While there may have been no prior signals ahead of this dramatic week, the price collapse is not inexplicable, especially if the factors that had led to the building up of the commodities bubble are taken into the reckoning. The International Monetary Fund (IMF) had attributed the buoyancy in commodities prices, including crude oil, to speculative factors. The bearish stock markets and the weakness of the US dollar had prompted investors to look for new asset classes for parking their funds. Commodities, in particular gold, seemed a good bet. But once the fears arose about a possible economic slowdown in the US and several other major economies, it gave rise to speculation that the commodities price boom may not be sustained in the wake of a drop in demand. The consequential scramble among investors and speculators for profit-booking in commodities is, thus, partly responsible for last week's price slide. Besides, the downturn in crude oil prices, dropping back to below $100 a barrel, strengthened the slide in the prices of several agricultural commodities like wheat, corn and vegetable oils, which were viewed as alternative sources of crude oil (bio-fuel). The fall in the global prices of some of these commodities has exceeded 20 per cent.
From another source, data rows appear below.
lemma jacobi_coeff_weighted_pderiv:
  assumes "k \<le> Suc m"
  shows "(if k \<le> m then - (real k + a + 1) * jacobi_coeff m (a + 1) (b + 1) k else 0)
       + (if k = 0 then 0 else - (real (Suc m - k) + b + 1) * jacobi_coeff m (a + 1) (b + 1) (k - 1))
     = - (real m + 1) * jacobi_coeff (Suc m) a b k"
proof -
  define A M where "A = real m + 1 + a" and "M = real m + 1 + b"
  have coeff_shift: "jacobi_coeff m (a + 1) (b + 1) i = (A gchoose (m - i)) * (M gchoose i)" for i
    by (simp add: jacobi_coeff_def A_def M_def add_ac)
  have coeff_Suc: "jacobi_coeff (Suc m) a b i = (A gchoose (Suc m - i)) * (M gchoose i)" for i
    by (simp add: jacobi_coeff_def A_def M_def add_ac)
  consider "k = 0" | "k = Suc m" | i where "k = Suc i" "i < m"
    using assms by (cases k) (auto simp: le_less)
  then show ?thesis
  proof cases
    case 1
    have "(a + 1) * (A gchoose m) = real (Suc m) * (A gchoose Suc m)"
      using gbinomial_absorb_comp_Suc[of A m] by (simp add: A_def add_ac)
    then show ?thesis unfolding 1 coeff_shift coeff_Suc by (simp add: algebra_simps)
  next
    case 2
    have "(b + 1) * (M gchoose m) = real (Suc m) * (M gchoose Suc m)"
      using gbinomial_absorb_comp_Suc[of M m] by (simp add: M_def add_ac)
    then show ?thesis unfolding 2 coeff_shift coeff_Suc by (simp add: algebra_simps)
  next
    case 3
    have "A - real (m - Suc i) = real (Suc i) + a + 1" "Suc (m - Suc i) = m - i"
      using 3 by (simp_all add: A_def of_nat_diff)
    then have absorb_A: "(real (Suc i) + a + 1) * (A gchoose (m - Suc i))
                           = real (m - i) * (A gchoose (m - i))"
      using gbinomial_absorb_comp_Suc[of A "m - Suc i"] by (simp only:)
    have "M - real i = real (m - i) + b + 1"
      using 3 by (simp add: M_def of_nat_diff)
    then have absorb_M: "(real (m - i) + b + 1) * (M gchoose i) = real (Suc i) * (M gchoose Suc i)"
      using gbinomial_absorb_comp_Suc[of M i] by (simp only:)
    have "- (real (Suc i) + a + 1) * ((A gchoose (m - Suc i)) * (M gchoose Suc i))
        - (real (m - i) + b + 1) * ((A gchoose (m - i)) * (M gchoose i))
        = - (real (m - i) + real (Suc i)) * ((A gchoose (m - i)) * (M gchoose Suc i))"
      using absorb_A absorb_M by algebra
    then show ?thesis
      using 3 unfolding coeff_shift coeff_Suc by (simp add: of_nat_diff algebra_simps)
  qed
qed

definition jacobi_monic_factor :: "nat \<Rightarrow> real \<Rightarrow> real \<Rightarrow> real" where
  "jacobi_monic_factor n a b = fact n / pochhammer (real n + a + b + 1) n"

definition jacobi_poly :: "nat \<Rightarrow> real \<Rightarrow> real \<Rightarrow> real poly" where
  "jacobi_poly n a b = smult (jacobi_monic_factor n a b) (endpoint_expansion n (jacobi_coeff n a b))"

lemma poly_jacobi_poly: "poly (jacobi_poly n a b) x = jacobi_pi n a b x"
  by (simp add: jacobi_poly_def jacobi_monic_factor_def endpoint_expansion_def jacobi_pi_def
      jacobiP_def jacobi_coeff_def poly_sum sum_distrib_left algebra_simps)

lemma jacobi_poly_0 [simp]: "jacobi_poly 0 a b = 1"
  by (simp add: jacobi_poly_def jacobi_monic_factor_def endpoint_expansion_def
      endpoint_monomial_def jacobi_coeff_def)

lemma pderiv_jacobi_expansion:
  "pderiv (endpoint_expansion (Suc m) (jacobi_coeff (Suc m) a b)) =
     smult (real m + a + b + 2) (endpoint_expansion m (jacobi_coeff m (a + 1) (b + 1)))"
  unfolding pderiv_endpoint_expansion smult_endpoint_expansion
  by (rule endpoint_expansion_cong) (rule jacobi_coeff_pderiv)

lemma weighted_pderiv_jacobi_expansion:
  "weighted_pderiv a b (endpoint_expansion m (jacobi_coeff m (a + 1) (b + 1))) =
     smult (- (real m + 1)) (endpoint_expansion (Suc m) (jacobi_coeff (Suc m) a b))"
  unfolding weighted_pderiv_endpoint_expansion smult_endpoint_expansion
  by (rule endpoint_expansion_cong) (rule jacobi_coeff_weighted_pderiv)
(* Let $T\in L_{aut}(\mathcal B)$ be a shifted hyperbolic operator with transition subspace $E_0=E^-\cap T^{-1}(E^+)$. If $E_0$ is separable (in particular, if $E_0$ is finite dimensional), then $\overline{B(T)}$ is separable.
   Context: $\mathcal B$ is a Banach space. $T$ is generalized hyperbolic if there is a decomposition $\mathcal B=E^-\oplus E^+$ into complementary closed subspaces with $T(E^+)\subset E^+$, $T^{-1}(E^-)\subset E^-$, and $T|_{E^+}$, $T^{-1}|_{E^-}$ uniform contractions; $T$ is shifted hyperbolic if in addition $E_0=E^-\cap T^{-1}(E^+)\ne\{0\}$. $B(T)$ is the set of $x$ for which there exist $K>0$ and strictly increasing sequences of positive integers $(k_n),(m_n)$ with $|T^{k_n}x|<K$ and $|T^{-m_n}x|<K$. *)

theory Defs
  imports "HOL-Analysis.Analysis"
begin

definition is_aut :: "('a::banach \<Rightarrow> 'a) \<Rightarrow> bool" where
  "is_aut T \<longleftrightarrow> bounded_linear T \<and> bij T \<and> bounded_linear (inv T)"

definition uniform_contraction_on :: "'a set \<Rightarrow> ('a::real_normed_vector \<Rightarrow> 'a) \<Rightarrow> bool" where
  "uniform_contraction_on E S \<longleftrightarrow>
     (\<exists>C t. C > 0 \<and> 0 < t \<and> t < 1 \<and>
        (\<forall>n. \<forall>x\<in>E. norm ((S ^^ n) x) \<le> C * t ^ n * norm x))"

definition gen_hyperbolic_split :: "('a::banach \<Rightarrow> 'a) \<Rightarrow> 'a set \<Rightarrow> 'a set \<Rightarrow> bool" where
  "gen_hyperbolic_split T Em Ep \<longleftrightarrow>
     subspace Em \<and> subspace Ep \<and> closed Em \<and> closed Ep \<and>
     Em \<inter> Ep = {0} \<and> Em + Ep = UNIV \<and>
     T ` Ep \<subseteq> Ep \<and> inv T ` Em \<subseteq> Em \<and>
     uniform_contraction_on Ep T \<and> uniform_contraction_on Em (inv T)"

definition transition_subspace :: "('a \<Rightarrow> 'a) \<Rightarrow> 'a set \<Rightarrow> 'a set \<Rightarrow> 'a set" where
  "transition_subspace T Em Ep = Em \<inter> T -` Ep"
lemma coeff_mult_mat_vec_eq_hc_mat:
  fixes N :: "'a::idom poly mat"
  assumes N: "N \<in> carrier_mat m r" and v: "v \<in> carrier_vec r" and k: "k < m"
    and bound: "\<And>i. i < r \<Longrightarrow> vdeg (col N i) + pdeg (v $ i) \<le> ereal (real D)"
  shows "coeff ((N *\<^sub>v v) $ k) D = (hc_mat N *\<^sub>v vec r (\<lambda>i. coeff (v $ i) (D - vdegree (col N i)))) $ k"
proof -
  have "coeff (N $$ (k, i) * v $ i) D = hc_mat N $$ (k, i) * coeff (v $ i) (D - vdegree (col N i))"
    if i: "i < r" for i
  proof (cases "vdeg (col N i) = -\<infinity>")
    case True
    then have "N $$ (k, i) = 0"
      using vdeg_upper[of k "col N i"] N k i by simp
    then show ?thesis
      using True N k i by (simp add: hc_mat_index)
  next
    case False
    define a where "a = vdegree (col N i)"
    have deg_N: "degree (N $$ (k, i)) \<le> a"
      using vdeg_upper[of k "col N i"] vdeg_eq_vdegree[OF False] N k i
      by (auto simp: a_def intro!: degree_le_if_pdeg_le)
    show ?thesis
    proof (cases "v $ i = 0")
      case False
      then have "a + degree (v $ i) \<le> D"
        using bound[OF i] vdeg_eq_vdegree[OF \<open>vdeg (col N i) \<noteq> -\<infinity>\<close>] by (simp add: pdeg_def a_def)
      then have "coeff (N $$ (k, i) * v $ i) D = coeff (N $$ (k, i)) a * coeff (v $ i) (D - a)"
        using coeff_mult_at_degree_bounds[OF deg_N, of "v $ i" "D - a"] by simp
      then show ?thesis
        using \<open>vdeg (col N i) \<noteq> -\<infinity>\<close> N k i by (simp add: hc_mat_index a_def)
    qed simp
  qed
  then show ?thesis
    using N v k hc_mat_carrier[of N] by (simp add: scalar_prod_def atLeast0LessThan coeff_sum)
qed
Moreover, with the dollar suddenly looking healthier following rate cuts by the US Federal Reserve and the equity markets showing some signs of having bottomed out, many investors chose to return to these markets. These developments seem also to have corroborated the point that the commodity and stock markets are alternative investment avenues.
 
However, while it is too early to guess how long the downturn in commodity prices will last, it probably cannot be taken to spell the end of the commodities boom, and may well end up being no more than an overdue market correction. If past experience is any indication, commodities tend to rebound after every price crash because of supply factors, though the bearish phases tend to last longer than the bullish ones. What is most important, from a macro-economic management point of view, is that the unprecedented heights scaled by commodity prices had fanned inflationary fires, posing severe challenges to governments "" especially those with poor populations. From that view-point, the drop in commodity prices will provide welcome relief to India, and also give some elbow room to the Reserve Bank, which must have been grappling with the trade-off between fighting inflation and choking growth. Still, it is important to bear in mind that last week's events may not mark the end of volatility in commodities markets.